> _Work order_
Please retype every entry, keeping each one exactly as written.

────────

(* Let $S\subseteq\mathbb{N}$ with $0\in S$ and $1\in S$. Then there exists a continuous function $f:[0,1]\to\mathbb{R}$ with $\Omega_f=S$.
   Context: $\mathbb{N}=\{0,1,2,\dots\}$. For a continuous $f:[0,1]\to\mathbb{R}$, $\Omega_f=\{n\in\mathbb{N}\cup\{\infty\} : \exists x\in\mathbb{R}\text{ with } |f^{-1}(x)|=n\}$, where $|f^{-1}(x)|$ is the cardinality of $\{t\in[0,1]: f(t)=x\}$ and $\infty$ stands for an infinite cardinality. The set $S$ may be finite or infinite. *)

theory Defs
  imports "HOL-Analysis.Analysis" "HOL-Library.Extended_Nat"
begin

definition ecard :: "'a set \<Rightarrow> enat" where
  "ecard A = (if finite A then enat (card A) else \<infinity>)"

definition Omega :: "(real \<Rightarrow> real) \<Rightarrow> enat set" where
  "Omega f = {n. \<exists>x::real. ecard {t \<in> {0..1}. f t = x} = n}"

end

theory Submission
  imports Defs
begin

text \<open>
  Count preimages in the half-open interval \<open>[0, 1)\<close> only: these counts add up when
  paths are concatenated, and the closed count differs just at the final value. The basic
  block runs from 0 to 1, hitting 0 exactly \<open>d\<close> times and every level in \<open>(0, 1)\<close> exactly
  \<open>2 d - 1\<close> times; since 1 is hit only once, its oscillations must accumulate at 1. Rescaled
  blocks and humps are stacked into an infinite staircase through the points \<open>m / (m + 1)\<close>,
  whose level counts are 0, 1, the odd numbers \<open>2 D m - 1\<close> between consecutive stairs, and
  any positive values \<open>v (m + 1) < D m + D (m + 1)\<close> at the stairs. If every even element of
  \<open>S\<close> lies below an odd one, this realises \<open>S\<close>. Otherwise, unless \<open>S = {0, 1, 2}\<close> (a V
  shape), some even \<open>b \<ge> 4\<close> in \<open>S\<close> exceeds all odd elements but 1, and a dip to 0 before
  the staircase and back after it turns the odd counts \<open>2 D m - 1\<close> into the even \<open>2 D m\<close>.
\<close>

section \<open>Level counts on the half-open unit interval\<close>

definition half_open_level :: "(real \<Rightarrow> real) \<Rightarrow> real \<Rightarrow> real set" where
  "half_open_level g y = {s \<in> {0..<1}. g s = y}"

definition has_profile :: "(real \<Rightarrow> real) \<Rightarrow> (real \<Rightarrow> nat) \<Rightarrow> bool" where
  "has_profile g P \<longleftrightarrow> (\<forall>y. finite (half_open_level g y) \<and> card (half_open_level g y) = P y)"

lemma has_profile_cong: "has_profile g P \<Longrightarrow> (\<And>y. P y = Q y) \<Longrightarrow> has_profile g Q"
  by (simp add: has_profile_def)

lemma half_open_level_joinpaths:
  assumes "pathfinish g = pathstart h"
  shows "half_open_level (g +++ h) y =
    (\<lambda>s. s/2) ` half_open_level g y \<union> (\<lambda>s. (s+1)/2) ` half_open_level h y"
proof (rule set_eqI)
  fix t :: real
  have left: "t \<in> (\<lambda>s. s/2) ` A \<longleftrightarrow> 2*t \<in> A" for A
    by (auto simp: image_iff field_simps intro!: bexI[where x="2*t"])
  have right: "t \<in> (\<lambda>s. (s+1)/2) ` A \<longleftrightarrow> 2*t - 1 \<in> A" for A
    by (auto simp: image_iff field_simps intro!: bexI[where x="2*t - 1"])
  have gh: "g 1 = h 0"
    using assms by (simp add: pathstart_def pathfinish_def)
  consider "t < 1/2" | "t = 1/2" | "t > 1/2"
    by linarith
  then show "t \<in> half_open_level (g +++ h) y \<longleftrightarrow>
      t \<in> (\<lambda>s. s/2) ` half_open_level g y \<union> (\<lambda>s. (s+1)/2) ` half_open_level h y"
  proof cases
    case 2
    then have "2 * t = 1"
      by simp
    then show ?thesis
      using gh by (simp add: left right half_open_level_def joinpaths_def)
  qed (simp_all add: left right half_open_level_def joinpaths_def)
qed

lemma has_profile_joinpaths:
  assumes "has_profile g P" "has_profile h Q" "pathfinish g = pathstart h"
  shows "has_profile (g +++ h) (\<lambda>y. P y + Q y)"
  unfolding has_profile_def
proof
  fix y
  have "(\<lambda>s. s/2) ` half_open_level g y \<inter> (\<lambda>s. (s+1)/2) ` half_open_level h y = {}"
    by (auto simp: half_open_level_def)
  moreover have "inj_on (\<lambda>s::real. s/2) A" "inj_on (\<lambda>s::real. (s+1)/2) A" for A
    by (auto simp: inj_on_def)
  ultimately show
    "finite (half_open_level (g +++ h) y) \<and> card (half_open_level (g +++ h) y) = P y + Q y"
    using assms unfolding half_open_level_joinpaths[OF assms(3)] has_profile_def
    by (simp add: card_Un_disjoint card_image)
qed

lemma half_open_level_reversepath:
  "half_open_level (reversepath g) y =
    (\<lambda>s. 1 - s) ` (half_open_level g y - {0} \<union> (if g 1 = y then {1} else {}))"
proof (rule set_eqI)
  fix t :: real
  have "t \<in> (\<lambda>s. 1 - s) ` A \<longleftrightarrow> 1 - t \<in> A" for A
    by (auto simp: image_iff intro!: bexI[where x="1 - t"])
  moreover have "1 - t \<in> half_open_level g y - {0} \<union> (if g 1 = y then {1} else {}) \<longleftrightarrow>
      0 \<le> t \<and> t < 1 \<and> g (1 - t) = y"
    by (cases "t = 0") (auto simp: half_open_level_def)
  ultimately show "t \<in> half_open_level (reversepath g) y \<longleftrightarrow>
      t \<in> (\<lambda>s. 1 - s) ` (half_open_level g y - {0} \<union> (if g 1 = y then {1} else {}))"
    by (simp add: half_open_level_def reversepath_def)
qed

────────

> _Exercise result_
(* Let $S\subseteq\mathbb{N}$ with $0\in S$ and $1\in S$. Then there exists a continuous function $f:[0,1]\to\mathbb{R}$ with $\Omega_f=S$.
   Context: $\mathbb{N}=\{0,1,2,\dots\}$. For a continuous $f:[0,1]\to\mathbb{R}$, $\Omega_f=\{n\in\mathbb{N}\cup\{\infty\} : \exists x\in\mathbb{R}\text{ with } |f^{-1}(x)|=n\}$, where $|f^{-1}(x)|$ is the cardinality of $\{t\in[0,1]: f(t)=x\}$ and $\infty$ stands for an infinite cardinality. The set $S$ may be finite or infinite. *)

theory Defs
  imports "HOL-Analysis.Analysis" "HOL-Library.Extended_Nat"
begin

definition ecard :: "'a set \<Rightarrow> enat" where
  "ecard A = (if finite A then enat (card A) else \<infinity>)"

definition Omega :: "(real \<Rightarrow> real) \<Rightarrow> enat set" where
  "Omega f = {n. \<exists>x::real. ecard {t \<in> {0..1}. f t = x} = n}"

end

theory Submission
  imports Defs
begin

text \<open>
  Count preimages in the half-open interval \<open>[0, 1)\<close> only: these counts add up when
  paths are concatenated, and the closed count differs just at the final value. The basic
  block runs from 0 to 1, hitting 0 exactly \<open>d\<close> times and every level in \<open>(0, 1)\<close> exactly
  \<open>2 d - 1\<close> times; since 1 is hit only once, its oscillations must accumulate at 1. Rescaled
  blocks and humps are stacked into an infinite staircase through the points \<open>m / (m + 1)\<close>,
  whose level counts are 0, 1, the odd numbers \<open>2 D m - 1\<close> between consecutive stairs, and
  any positive values \<open>v (m + 1) < D m + D (m + 1)\<close> at the stairs. If every even element of
  \<open>S\<close> lies below an odd one, this realises \<open>S\<close>. Otherwise, unless \<open>S = {0, 1, 2}\<close> (a V
  shape), some even \<open>b \<ge> 4\<close> in \<open>S\<close> exceeds all odd elements but 1, and a dip to 0 before
  the staircase and back after it turns the odd counts \<open>2 D m - 1\<close> into the even \<open>2 D m\<close>.
\<close>

section \<open>Level counts on the half-open unit interval\<close>

definition half_open_level :: "(real \<Rightarrow> real) \<Rightarrow> real \<Rightarrow> real set" where
  "half_open_level g y = {s \<in> {0..<1}. g s = y}"

definition has_profile :: "(real \<Rightarrow> real) \<Rightarrow> (real \<Rightarrow> nat) \<Rightarrow> bool" where
  "has_profile g P \<longleftrightarrow> (\<forall>y. finite (half_open_level g y) \<and> card (half_open_level g y) = P y)"

lemma has_profile_cong: "has_profile g P \<Longrightarrow> (\<And>y. P y = Q y) \<Longrightarrow> has_profile g Q"
  by (simp add: has_profile_def)

lemma half_open_level_joinpaths:
  assumes "pathfinish g = pathstart h"
  shows "half_open_level (g +++ h) y =
    (\<lambda>s. s/2) ` half_open_level g y \<union> (\<lambda>s. (s+1)/2) ` half_open_level h y"
proof (rule set_eqI)
  fix t :: real
  have left: "t \<in> (\<lambda>s. s/2) ` A \<longleftrightarrow> 2*t \<in> A" for A
    by (auto simp: image_iff field_simps intro!: bexI[where x="2*t"])
  have right: "t \<in> (\<lambda>s. (s+1)/2) ` A \<longleftrightarrow> 2*t - 1 \<in> A" for A
    by (auto simp: image_iff field_simps intro!: bexI[where x="2*t - 1"])
  have gh: "g 1 = h 0"
    using assms by (simp add: pathstart_def pathfinish_def)
  consider "t < 1/2" | "t = 1/2" | "t > 1/2"
    by linarith
  then show "t \<in> half_open_level (g +++ h) y \<longleftrightarrow>
      t \<in> (\<lambda>s. s/2) ` half_open_level g y \<union> (\<lambda>s. (s+1)/2) ` half_open_level h y"
  proof cases
    case 2
    then have "2 * t = 1"
      by simp
    then show ?thesis
      using gh by (simp add: left right half_open_level_def joinpaths_def)
  qed (simp_all add: left right half_open_level_def joinpaths_def)
qed

lemma has_profile_joinpaths:
  assumes "has_profile g P" "has_profile h Q" "pathfinish g = pathstart h"
  shows "has_profile (g +++ h) (\<lambda>y. P y + Q y)"
  unfolding has_profile_def
proof
  fix y
  have "(\<lambda>s. s/2) ` half_open_level g y \<inter> (\<lambda>s. (s+1)/2) ` half_open_level h y = {}"
    by (auto simp: half_open_level_def)
  moreover have "inj_on (\<lambda>s::real. s/2) A" "inj_on (\<lambda>s::real. (s+1)/2) A" for A
    by (auto simp: inj_on_def)
  ultimately show
    "finite (half_open_level (g +++ h) y) \<and> card (half_open_level (g +++ h) y) = P y + Q y"
    using assms unfolding half_open_level_joinpaths[OF assms(3)] has_profile_def
    by (simp add: card_Un_disjoint card_image)
qed

lemma half_open_level_reversepath:
  "half_open_level (reversepath g) y =
    (\<lambda>s. 1 - s) ` (half_open_level g y - {0} \<union> (if g 1 = y then {1} else {}))"
proof (rule set_eqI)
  fix t :: real
  have "t \<in> (\<lambda>s. 1 - s) ` A \<longleftrightarrow> 1 - t \<in> A" for A
    by (auto simp: image_iff intro!: bexI[where x="1 - t"])
  moreover have "1 - t \<in> half_open_level g y - {0} \<union> (if g 1 = y then {1} else {}) \<longleftrightarrow>
      0 \<le> t \<and> t < 1 \<and> g (1 - t) = y"
    by (cases "t = 0") (auto simp: half_open_level_def)
  ultimately show "t \<in> half_open_level (reversepath g) y \<longleftrightarrow>
      t \<in> (\<lambda>s. 1 - s) ` (half_open_level g y - {0} \<union> (if g 1 = y then {1} else {}))"
    by (simp add: half_open_level_def reversepath_def)
qed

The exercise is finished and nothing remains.